Collected data:
━━━━━━
lemma tau_power_sq_sums:
  assumes "0 < \<epsilon>"
  shows "(\<lambda>k. (tau \<epsilon> ^ k)^2) sums ((1 + sqrt \<epsilon>)^2 / (4 * sqrt \<epsilon>))"
proof -
  have "\<bar>(tau \<epsilon>)^2\<bar> < 1"
    using abs_tau_less_one[OF assms] by (simp add: abs_square_less_1)
  then have "(\<lambda>k. ((tau \<epsilon>)^2) ^ k) sums (1 / (1 - (tau \<epsilon>)^2))"
    by (intro geometric_sums) simp
  moreover have "1 / (1 - ((1 - s) / (1 + s))^2) = (1 + s)^2 / (4 * s)" if "0 < s" for s :: real
  proof -
    have "1 - ((1 - s) / (1 + s))^2 = ((1 + s)^2 - (1 - s)^2) / (1 + s)^2"
      using that by (simp add: power_divide field_simps)
    also have "(1 + s)^2 - (1 - s)^2 = 4 * s"
      by (simp add: power2_eq_square algebra_simps)
    finally show ?thesis
      by simp
  qed
  ultimately show ?thesis
    using assms by (simp add: tau_def power_mult [symmetric] mult.commute)
qed

definition g_term :: "real \<Rightarrow> complex \<Rightarrow> nat \<Rightarrow> complex" where
  "g_term \<epsilon> \<mu> k = complex_of_real (sqrt \<epsilon>) * \<mu> * complex_of_real (tau \<epsilon> ^ k)"

lemma g_eq_prodinf_g_term: "g \<epsilon> \<mu> = (\<Prod>k. 1 - g_term \<epsilon> \<mu> k)"
  by (simp add: g_def g_term_def)

lemma Re_g_term: "Re (g_term \<epsilon> \<mu> k) = sqrt \<epsilon> * Re \<mu> * tau \<epsilon> ^ k"
  by (simp add: g_term_def del: of_real_power)

lemma Im_g_term: "Im (g_term \<epsilon> \<mu> k) = sqrt \<epsilon> * Im \<mu> * tau \<epsilon> ^ k"
  by (simp add: g_term_def del: of_real_power)

lemma norm_g_term: "0 \<le> \<epsilon> \<Longrightarrow> norm (g_term \<epsilon> \<mu> k) = sqrt \<epsilon> * cmod \<mu> * \<bar>tau \<epsilon>\<bar> ^ k"
  by (simp add: g_term_def norm_mult power_abs del: of_real_power)

lemma g_term_sums:
  assumes "0 < \<epsilon>"
  shows "g_term \<epsilon> \<mu> sums (\<mu> * (1 + sqrt \<epsilon>) / 2)"
proof -
  have "(\<lambda>k. complex_of_real (tau \<epsilon> ^ k)) sums complex_of_real ((1 + sqrt \<epsilon>) / (2 * sqrt \<epsilon>))"
    unfolding sums_of_real_iff by (rule tau_power_sums[OF assms])
  from sums_mult[OF this, of "complex_of_real (sqrt \<epsilon>) * \<mu>"]
  have "g_term \<epsilon> \<mu> sums (complex_of_real (sqrt \<epsilon>) * \<mu> * complex_of_real ((1 + sqrt \<epsilon>) / (2 * sqrt \<epsilon>)))"
    by (simp only: g_term_def[abs_def])
  also have "complex_of_real (sqrt \<epsilon>) * \<mu> * complex_of_real ((1 + sqrt \<epsilon>) / (2 * sqrt \<epsilon>))
      = \<mu> * (1 + sqrt \<epsilon>) / 2"
    using assms by (simp add: field_simps)
  finally show ?thesis .
qed

lemma norm_g_term_sq_sums:
  assumes "0 < \<epsilon>"
  shows "(\<lambda>k. norm (g_term \<epsilon> \<mu> k)^2) sums (sqrt \<epsilon> * (cmod \<mu>)^2 * (1 + sqrt \<epsilon>)^2 / 4)"
proof -
  have "(\<lambda>k. norm (g_term \<epsilon> \<mu> k)^2) = (\<lambda>k. (sqrt \<epsilon> * cmod \<mu>)^2 * (tau \<epsilon> ^ k)^2)"
    using assms by (simp add: fun_eq_iff norm_g_term power_mult_distrib flip: power_abs)
  moreover have "(\<lambda>k. (sqrt \<epsilon> * cmod \<mu>)^2 * (tau \<epsilon> ^ k)^2)
      sums ((sqrt \<epsilon> * cmod \<mu>)^2 * ((1 + sqrt \<epsilon>)^2 / (4 * sqrt \<epsilon>)))"
    using tau_power_sq_sums[OF assms] by (rule sums_mult)
  moreover have "(sqrt \<epsilon> * cmod \<mu>)^2 * ((1 + sqrt \<epsilon>)^2 / (4 * sqrt \<epsilon>))
      = sqrt \<epsilon> * (cmod \<mu>)^2 * (1 + sqrt \<epsilon>)^2 / 4"
    using assms by (simp add: field_simps power2_eq_square)
  ultimately show ?thesis
    by (simp only:)
qed
(* Let $D$ be an $n\times n$ distance matrix and let $\mathbf X$ be a truth assignment of the variables $\{x_{i,a}: i\in[n],\ a\in\{n+1,n+2\}\}$ satisfying $\phi_2'$. Then $D'(\phi_2',\mathbf X)=D^{(3)}$.
   Context: $[n]=\{1,\dots,n\}$. An $n\times n$ matrix $D$ with non-negative integer entries is a distance matrix if (i) $D_{ii}=0$ for all $i$ and $D_{ij}>0$ for all $i\ne j$; (ii) $D$ is symmetric; (iii) $D_{iw}+D_{wj}\ge D_{ij}$ for all $i,j,w\in[n]$. The associated graph $G_D=(V_D,E_D)$ of $D$ is the simple unweighted graph with $V_D=\{v_1,\dots,v_n\}$ and $\{v_i,v_j\}\in E_D$ if and only if $D_{ij}=1$; $d_{G_D}$ is its shortest-path distance ($\infty$ if no path). For $q\in\mathbb N$, the $q$-skeleton $G^q$ of $D$ is the edge-weighted graph with vertex set $[n]$ having an edge $\{i,j\}$ ($i<j$) if and only if $D_{ij}\le q$, this edge having weight (length) $D_{ij}$; $D^{(q)}$ denotes the $n\times n$ matrix whose $(i,j)$ entry is the weighted shortest-path distance between $i$ and $j$ in $G^q$ ($\infty$ if no path exists). The Boolean formula $\phi_2'$ over variables $x_{i,a}$ ($i\in[n]$, $a\in\{n+1,n+2\}$; meaning "$v_i$ is adjacent to the new vertex $v_a$") is the conjunction (written as an equivalent 2-CNF formula) of the following constraints: (1) for all $i,j\in[n]$ with $D_{ij}>2$: $(\neg x_{i,n+1}\vee\neg x_{j,n+1})$ and $(\neg x_{i,n+2}\vee\neg x_{j,n+2})$; (2) for all $i,j\in[n]$ with $D_{ij}=2$ and $d_{G_D}(v_i,v_j)>2$: $(x_{i,n+1}\wedge x_{j,n+1})\vee(x_{i,n+2}\wedge x_{j,n+2})$; (3) for all $i,j\in[n]$ with $D_{ij}>3$: $(\neg x_{i,n+1}\vee\neg x_{j,n+2})$ and $(\neg x_{i,n+2}\vee\neg x_{j,n+1})$; (4) for all $i,j\in[n]$ with $D_{ij}=3$ and $D^{(2)}_{ij}>3$: $(x_{i,n+1}\wedge x_{j,n+2})\vee(x_{i,n+2}\wedge x_{j,n+1})$. For a satisfying assignment $\mathbf X$, $G'_{\phi_2',\mathbf X}$ is the simple graph on $\{v_1,\dots,v_{n+2}\}$ whose induced subgraph on $\{v_1,\dots,v_n\}$ is $G_D$, in which $v_{n+1}$ and $v_{n+2}$ are adjacent, and in which $v_a$ ($a\in\{n+1,n+2\}$) is adjacent to $v_i$ ($i\in[n]$) exactly when $x_{i,a}$ is true in $\mathbf X$. $D'(\phi_2',\mathbf X)$ is the $n\times n$ matrix of shortest-path distances in $G'_{\phi_2',\mathbf X}$ between $v_i$ and $v_j$, $i,j\in[n]$ ($\infty$ if no path). *)

theory Defs
  imports Main "HOL-Library.Extended_Nat"
begin

text \<open>Vertices are natural numbers; the original vertices are 1..n, the new
  vertices are n+1 and n+2. Distances take values in enat (\<infinity> = no path).\<close>

definition is_distance_matrix :: "nat \<Rightarrow> (nat \<Rightarrow> nat \<Rightarrow> nat) \<Rightarrow> bool" where
  "is_distance_matrix n D \<longleftrightarrow>
     (\<forall>i\<in>{1..n}. D i i = 0) \<and>
     (\<forall>i\<in>{1..n}. \<forall>j\<in>{1..n}. i \<noteq> j \<longrightarrow> D i j > 0) \<and>
     (\<forall>i\<in>{1..n}. \<forall>j\<in>{1..n}. D i j = D j i) \<and>
     (\<forall>i\<in>{1..n}. \<forall>j\<in>{1..n}. \<forall>w\<in>{1..n}. D i w + D w j \<ge> D i j)"

text \<open>Walks from i to j in the graph (V, E) and weighted shortest-path distance
  (weights w on edges); INF over the empty set is \<infinity>.\<close>

definition walks :: "nat set \<Rightarrow> (nat \<Rightarrow> nat \<Rightarrow> bool) \<Rightarrow> nat \<Rightarrow> nat \<Rightarrow> nat list set" where
  "walks V E i j = {p. p \<noteq> [] \<and> hd p = i \<and> last p = j \<and> set p \<subseteq> V \<and>
                        (\<forall>k < length p - 1. E (p ! k) (p ! (k + 1)))}"

definition wdist :: "nat set \<Rightarrow> (nat \<Rightarrow> nat \<Rightarrow> bool) \<Rightarrow> (nat \<Rightarrow> nat \<Rightarrow> nat) \<Rightarrow> nat \<Rightarrow> nat \<Rightarrow> enat" where
  "wdist V E w i j = (INF p \<in> walks V E i j. enat (\<Sum>k < length p - 1. w (p ! k) (p ! (k + 1))))"

definition dG :: "nat \<Rightarrow> (nat \<Rightarrow> nat \<Rightarrow> nat) \<Rightarrow> nat \<Rightarrow> nat \<Rightarrow> enat" where
  "dG n D i j = wdist {1..n} (\<lambda>a b. D a b = 1) (\<lambda>_ _. 1) i j"

definition skel_dist :: "nat \<Rightarrow> (nat \<Rightarrow> nat \<Rightarrow> nat) \<Rightarrow> nat \<Rightarrow> nat \<Rightarrow> nat \<Rightarrow> enat" where
  "skel_dist n D q i j = wdist {1..n} (\<lambda>a b. a \<noteq> b \<and> D a b \<le> q) D i j"
lemma rigid_motion_dist:
  assumes "rigid_motion g"
  shows "dist (g x) (g y) = dist x y"
proof -
  obtain A b where A: "orthogonal_transformation A" and g: "\<And>x. g x = A x + b"
    using assms unfolding rigid_motion_def by blast
  have "g x - g y = A (x - y)"
    using A by (simp add: g orthogonal_transformation_linear linear_diff)
  then show ?thesis
    using A by (simp add: dist_norm orthogonal_transformation_norm)
qed

lemma gauss_mixture_rigid_motion:
  fixes mu nu :: "nat \<Rightarrow> real^'n"
  assumes "rigid_motion g" "\<pi> permutes {..<k}" "\<And>i. i < k \<Longrightarrow> g (mu (\<pi> i)) = nu i"
  shows "gauss_mixture k mu x = gauss_mixture k nu (g x)"
proof -
  define f where
    "f i = 1 / (real k * sqrt ((2 * pi) ^ CARD('n))) * exp (- (1/2) * (dist x (mu i))\<^sup>2)" for i
  have "gauss_mixture k nu (g x) = (\<Sum>i<k. f (\<pi> i))"
    unfolding gauss_mixture_def f_def
    by (intro sum.cong refl)
      (simp add: assms(3)[symmetric] rigid_motion_dist[OF assms(1)] dist_norm[symmetric])
  also have "\<dots> = (\<Sum>i<k. f i)"
    using sum.permute[OF assms(2), of f] by simp
  finally show ?thesis
    by (simp add: gauss_mixture_def f_def dist_norm)
qed

theorem theorem3p1:
  fixes k :: nat and mu nu :: "nat \<Rightarrow> real^'n"
  assumes "k \<ge> CARD('n) + 2"
    and "reconstructible k mu"
    and "dist_distribution (gauss_mixture k nu) = dist_distribution (gauss_mixture k mu)"
  shows "\<exists>g. rigid_motion g \<and> (\<forall>x. gauss_mixture k mu x = gauss_mixture k nu (g x))"
proof -
  have "pair_dists k nu = pair_dists k mu"
    using assms(1,3) by (intro pair_dists_eq_if_dist_distribution_eq) simp_all
  then obtain g \<pi> where "rigid_motion g" "\<pi> permutes {..<k}" "\<forall>i<k. g (mu (\<pi> i)) = nu i"
    using assms(2) unfolding reconstructible_def by blast
  then show ?thesis
    using gauss_mixture_rigid_motion by blast
qed

end
text \<open>If every relation of \<open>g\<close> over \<open>A0\<close> modulo \<open>P1\<close> has all coefficients in \<open>P0\<close>, a point of
  \<open>A0/P0\<close> extends by sending \<open>g\<close> to any value that is not a root of the image of a polynomial
  representing \<open>\<alpha>\<close>.\<close>

lemma separating_point_transcendental:
  assumes IH: "\<And>\<alpha>0. \<alpha>0 \<in> A0 \<Longrightarrow> \<alpha>0 \<notin> P0 \<Longrightarrow> separating_point phi A0 P0 \<alpha>0"
    and T: "\<And>p. poly_over A0 p \<Longrightarrow> poly p g \<in> P1 \<Longrightarrow> poly_over P0 p"
    and inf: "infinite (UNIV :: 'k set)"
    and \<alpha>: "\<alpha> \<in> A1" "\<alpha> \<notin> P1"
  shows "separating_point phi A1 P1 \<alpha>"
proof -
  obtain q where q: "poly_over A0 q" "\<alpha> = poly q g" using \<alpha>(1) unfolding A1 by auto
  have "\<not> poly_over P0 q" using poly_g_in_P1 q \<alpha>(2) by blast
  then obtain j where j: "coeff q j \<notin> P0" unfolding poly_over_def by auto
  obtain \<chi>0 where \<chi>0: "hom_on A0 \<chi>0" "\<And>c. \<chi>0 (phi c) = c" "\<And>x. x \<in> P0 \<Longrightarrow> \<chi>0 x = 0" "\<chi>0 (coeff q j) \<noteq> 0"
    using IH[of "coeff q j"] q(1) j unfolding separating_point_def poly_over_def by blast
  have h00: "\<chi>0 0 = 0" by (rule hom_onD(2)[OF \<chi>0(1) s0])
  have "coeff (map_poly \<chi>0 q) j \<noteq> 0" using \<chi>0(4) by (simp add: coeff_map_poly h00)
  then have "map_poly \<chi>0 q \<noteq> 0" by auto
  then have "finite {x. poly (map_poly \<chi>0 q) x = 0}" by (rule poly_roots_finite)
  then obtain c0 where c0: "poly (map_poly \<chi>0 q) c0 \<noteq> 0" using inf
    by (metis (mono_tags, lifting) UNIV_I ex_new_if_finite mem_Collect_eq)
  have vanish: "poly (map_poly \<chi>0 p) c0 = 0" if "poly_over A0 p" "poly p g \<in> P1" for p
  proof -
    have "map_poly \<chi>0 p = 0" using T[OF that] \<chi>0(3) unfolding poly_over_def
      by (intro poly_eqI) (simp add: coeff_map_poly h00)
    then show ?thesis by simp
  qed
  obtain \<chi> where \<chi>: "hom_on A1 \<chi>" "\<forall>c. \<chi> (phi c) = c" "\<forall>x\<in>P1. \<chi> x = 0"
      "\<forall>p. poly_over A0 p \<longrightarrow> \<chi> (poly p g) = poly (map_poly \<chi>0 p) c0"
    using extend_hom[OF \<chi>0(1,2) vanish] by blast
  have "\<chi> \<alpha> \<noteq> 0" using \<chi>(4) q c0 by simp
  then show ?thesis unfolding separating_point_def using \<chi> by blast
qed
definition is_lca :: "(nat \<Rightarrow> nat) \<Rightarrow> nat \<Rightarrow> nat \<Rightarrow> nat \<Rightarrow> bool" where
  "is_lca par a b w \<longleftrightarrow> tree_anc par w a \<and> tree_anc par w b \<and>
     (\<forall>w'. tree_anc par w' a \<and> tree_anc par w' b \<longrightarrow> tree_anc par w' w)"

definition is_mu_HST_metric :: "real \<Rightarrow> 'a set \<Rightarrow> ('a \<Rightarrow> 'a \<Rightarrow> real) \<Rightarrow> bool" where
  "is_mu_HST_metric \<mu> L \<delta> \<longleftrightarrow> L = {} \<or>
    (\<exists>V r par (\<phi>::nat \<Rightarrow> real) (leaf::'a \<Rightarrow> nat).
       rooted_tree V r par \<and>
       bij_betw leaf L {v. tree_leaf V r par v} \<and>
       (\<forall>v\<in>V. \<phi> v \<ge> 0) \<and>
       (\<forall>v\<in>V. \<phi> v = 0 \<longleftrightarrow> tree_leaf V r par v) \<and>
       (\<forall>u w. tree_child V r par w u \<longrightarrow> \<phi> w \<le> \<phi> u / \<mu>) \<and>
       (\<forall>x\<in>L. \<forall>y\<in>L. \<exists>w. is_lca par (leaf x) (leaf y) w \<and> \<delta> x y = \<phi> w))"

definition is_HST_metric :: "'a set \<Rightarrow> ('a \<Rightarrow> 'a \<Rightarrow> real) \<Rightarrow> bool" where
  "is_HST_metric L \<delta> \<longleftrightarrow> (\<exists>\<mu>\<ge>1. is_mu_HST_metric \<mu> L \<delta>)"

text \<open>An update is a pair (v, o) with o = True for arrival (+), False for departure (-).\<close>

definition alive :: "('a \<times> bool) list \<Rightarrow> 'a set" where
  "alive \<sigma> = foldl (\<lambda>L (v, arr). if arr then insert v L else L - {v}) {} \<sigma>"

definition width :: "('a \<times> bool) list \<Rightarrow> nat" where
  "width \<sigma> = Max {card (alive (take t \<sigma>)) | t. t \<le> length \<sigma>}"

definition n_points_arrive :: "('a \<times> bool) list \<Rightarrow> nat \<Rightarrow> bool" where
  "n_points_arrive \<sigma> n \<longleftrightarrow>
     distinct (map fst (filter snd \<sigma>)) \<and> length (filter snd \<sigma>) = n \<and>
     (\<forall>t < length \<sigma>. \<not> snd (\<sigma> ! t) \<longrightarrow> fst (\<sigma> ! t) \<in> alive (take t \<sigma>))"

text \<open>A deterministic online algorithm maps the prefix sigma_1..sigma_t to the output
  metric d_t; it must output an HST metric on L_t and never change distances between
  points that stay alive.\<close>
definition strict_online_HST_embedding ::
  "(('a \<times> bool) list \<Rightarrow> 'a \<Rightarrow> 'a \<Rightarrow> real) \<Rightarrow> bool" where
  "strict_online_HST_embedding A \<longleftrightarrow>
     (\<forall>\<sigma>. is_HST_metric (alive \<sigma>) (A \<sigma>)) \<and>
     (\<forall>\<sigma> x. \<forall>u\<in>alive \<sigma> \<inter> alive (\<sigma> @ [x]). \<forall>v\<in>alive \<sigma> \<inter> alive (\<sigma> @ [x]).
         A (\<sigma> @ [x]) u v = A \<sigma> u v)"

definition distortion_admissible ::
  "('a \<Rightarrow> 'a \<Rightarrow> real) \<Rightarrow> (('a \<times> bool) list \<Rightarrow> 'a \<Rightarrow> 'a \<Rightarrow> real) \<Rightarrow> ('a \<times> bool) list \<Rightarrow> real \<Rightarrow> bool" where
  "distortion_admissible d A \<sigma> lam \<longleftrightarrow>
     (\<exists>c>0. \<forall>t\<le>length \<sigma>. \<forall>u\<in>alive (take t \<sigma>). \<forall>v\<in>alive (take t \<sigma>).
        d u v \<le> c * A (take t \<sigma>) u v \<and> c * A (take t \<sigma>) u v \<le> lam * d u v)"

text \<open>The distortion is the least admissible lambda (infinite if none exists).\<close>
definition distortion ::
  "('a \<Rightarrow> 'a \<Rightarrow> real) \<Rightarrow> (('a \<times> bool) list \<Rightarrow> 'a \<Rightarrow> 'a \<Rightarrow> real) \<Rightarrow> ('a \<times> bool) list \<Rightarrow> ereal" where
  "distortion d A \<sigma> = Inf {ereal lam | lam. distortion_admissible d A \<sigma> lam}"

end

theory Submission
  imports Defs
begin

text \<open>Take the real line with d x y = |x - y| and start with the points 0 and 1. While two
  points a < b are alive, the adversary inserts the midpoint m. HST metrics are ultrametrics,
  so one of the two halves [a, m], [m, b] is embedded at distance at least the embedded distance
  of a and b; the adversary deletes the endpoint outside that half. After n - 2 rounds n points
  have arrived, never more than three were alive at once, the real distance of the surviving
  pair has shrunk by the factor 2^(n-2), and strictness forbids the embedding to shrink their
  embedded distance below that of 0 and 1.\<close>

lemma tree_anc_trans: "tree_anc par u v \<Longrightarrow> tree_anc par v w \<Longrightarrow> tree_anc par u w"
  unfolding tree_anc_def by (metis funpow_add comp_apply)

lemma tree_anc_funpow_le: "k \<le> k' \<Longrightarrow> tree_anc par ((par ^^ k') v) ((par ^^ k) v)"
  unfolding tree_anc_def by (metis funpow_add comp_apply le_add_diff_inverse2)

lemma tree_anc_linear:
  assumes "tree_anc par u w" "tree_anc par u' w"
  shows "tree_anc par u u' \<or> tree_anc par u' u"
proof -
  obtain k k' where "(par ^^ k) w = u" "(par ^^ k') w = u'"
    using assms unfolding tree_anc_def by blast
  then show ?thesis using tree_anc_funpow_le nat_le_linear by metis
qed

lemma is_lca_triangle:
  assumes "is_lca par x y w\<^sub>1" "is_lca par y z w\<^sub>2" "is_lca par x z w"
  shows "tree_anc par w\<^sub>1 w \<or> tree_anc par w\<^sub>2 w"
proof -
  have "tree_anc par w\<^sub>1 y" "tree_anc par w\<^sub>2 y"
    using assms by (auto simp: is_lca_def)
  then consider "tree_anc par w\<^sub>1 w\<^sub>2" | "tree_anc par w\<^sub>2 w\<^sub>1"
    using tree_anc_linear by blast
  then show ?thesis
  proof cases
    case 1
    then have "tree_anc par w\<^sub>1 z" using assms(2) tree_anc_trans by (auto simp: is_lca_def)
    then show ?thesis using assms(1,3) by (auto simp: is_lca_def)
  next
    case 2
    then have "tree_anc par w\<^sub>2 x" using assms(1) tree_anc_trans by (auto simp: is_lca_def)
    then show ?thesis using assms(2,3) by (auto simp: is_lca_def)
  qed
qed

lemma rooted_tree_funpow_par_in:
  "rooted_tree V r par \<Longrightarrow> v \<in> V \<Longrightarrow> (par ^^ k) v \<in> V"
  by (induction k) (auto simp: rooted_tree_def)
text \<open>C_{t,r}: cycle on vertices 0..r-1, each cycle edge replaced by t parallel edges
  (edge (i,k) joins i and (i+1) mod r).\<close>
definition C_V :: "nat \<Rightarrow> nat set" where "C_V r = {..<r}"
definition C_E :: "nat \<Rightarrow> nat \<Rightarrow> (nat \<times> nat) set" where "C_E t r = {..<r} \<times> {..<t}"
definition C_ends :: "nat \<Rightarrow> nat \<times> nat \<Rightarrow> nat set" where
  "C_ends r e = {fst e, Suc (fst e) mod r}"

end

theory Submission
  imports Defs
begin

text \<open>Let P and Q be the two aligned paths sharing at least r vertices. Choose r common
  vertices, among them x and y. By alignment they occur in the same order on P and on Q, so
  consecutive chosen vertices are joined both by a segment of P and by an edge-disjoint segment
  of Q; this doubles the r - 1 edges of a path through the chosen vertices from x to y. The two
  remaining xy-paths of the set double the closing edge from y back to x.\<close>

definition subpath :: "'v list \<times> 'e list \<Rightarrow> nat \<Rightarrow> nat \<Rightarrow> 'v list \<times> 'e list" where
  "subpath P i j = (take (Suc (j - i)) (drop i (fst P)), take (j - i) (drop i (snd P)))"

lemma edge_disjoint_sym: "edge_disjoint P Q \<longleftrightarrow> edge_disjoint Q P"
  by (auto simp: edge_disjoint_def)

lemma edge_disjoint_mono:
  assumes "edge_disjoint P Q" "set (snd P') \<subseteq> set (snd P)" "set (snd Q') \<subseteq> set (snd Q)"
  shows "edge_disjoint P' Q'"
  using assms by (auto simp: edge_disjoint_def)

lemma is_path_distinct_edges:
  assumes "is_path V E ends P"
  shows "distinct (snd P)"
proof -
  have "snd P ! i \<noteq> snd P ! j" if "i < j" "j < length (snd P)" for i j
  proof
    assume same: "snd P ! i = snd P ! j"
    have "ends (snd P ! i) = {fst P ! i, fst P ! Suc i}"
      "ends (snd P ! j) = {fst P ! j, fst P ! Suc j}"
      using assms that by (simp_all add: is_path_def)
    with same have "fst P ! i \<in> {fst P ! j, fst P ! Suc j}"
      by (metis insertI1)
    with assms that show False
      by (auto simp: is_path_def nth_eq_iff_index_eq)
  qed
  then show ?thesis
    by (metis distinct_conv_nth linorder_neq_iff)
qed

lemma xy_path_subpath:
  assumes "is_path V E ends P" "i \<le> j" "j < length (fst P)"
  shows "xy_path V E ends (fst P ! i) (fst P ! j) (subpath P i j)"
proof -
  obtain ps es where P: "P = (ps, es)" by fastforce
  have "length ps = length es + 1" "set ps \<subseteq> V" "set es \<subseteq> E" "distinct ps"
    and edge_ends: "\<And>k. k < length es \<Longrightarrow> ends (es ! k) = {ps ! k, ps ! Suc k}"
    using assms(1) by (auto simp: is_path_def P)
  then have "is_path V E ends (take (Suc (j - i)) (drop i ps), take (j - i) (drop i es))"
    using assms(2,3) unfolding is_path_def P fst_conv snd_conv
    by (auto dest!: in_set_takeD in_set_dropD intro: edge_ends)
  moreover have "hd (take (Suc (j - i)) (drop i ps)) = ps ! i"
    and "last (take (Suc (j - i)) (drop i ps)) = ps ! j"
    using assms(2,3) by (simp_all add: P hd_drop_conv_nth last_conv_nth)
  ultimately show ?thesis
    by (simp add: xy_path_def subpath_def P)
qed

lemma set_snd_subpath_subset: "set (snd (subpath P i j)) \<subseteq> set (snd P)"
  by (auto simp: subpath_def dest!: in_set_takeD in_set_dropD)

lemma set_snd_subpath_subset_nth:
  "set (snd (subpath P i j)) \<subseteq> (!) (snd P) ` ({i..<j} \<inter> {..<length (snd P)})"
proof
  fix e assume "e \<in> set (snd (subpath P i j))"
  then obtain k where "k < length (take (j - i) (drop i (snd P)))"
    "e = take (j - i) (drop i (snd P)) ! k"
    by (auto simp: subpath_def in_set_conv_nth)
  then show "e \<in> (!) (snd P) ` ({i..<j} \<inter> {..<length (snd P)})"
    by (intro image_eqI[of _ _ "i + k"]) auto
qed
━━━━━━
Show each line in the data where the string "rule" appears.

_The completed task_
    unfolding sums_of_real_iff by (rule tau_power_sums[OF assms])
    using tau_power_sq_sums[OF assms] by (rule sums_mult)
  have h00: "\<chi>0 0 = 0" by (rule hom_onD(2)[OF \<chi>0(1) s0])
  then have "finite {x. poly (map_poly \<chi>0 q) x = 0}" by (rule poly_roots_finite)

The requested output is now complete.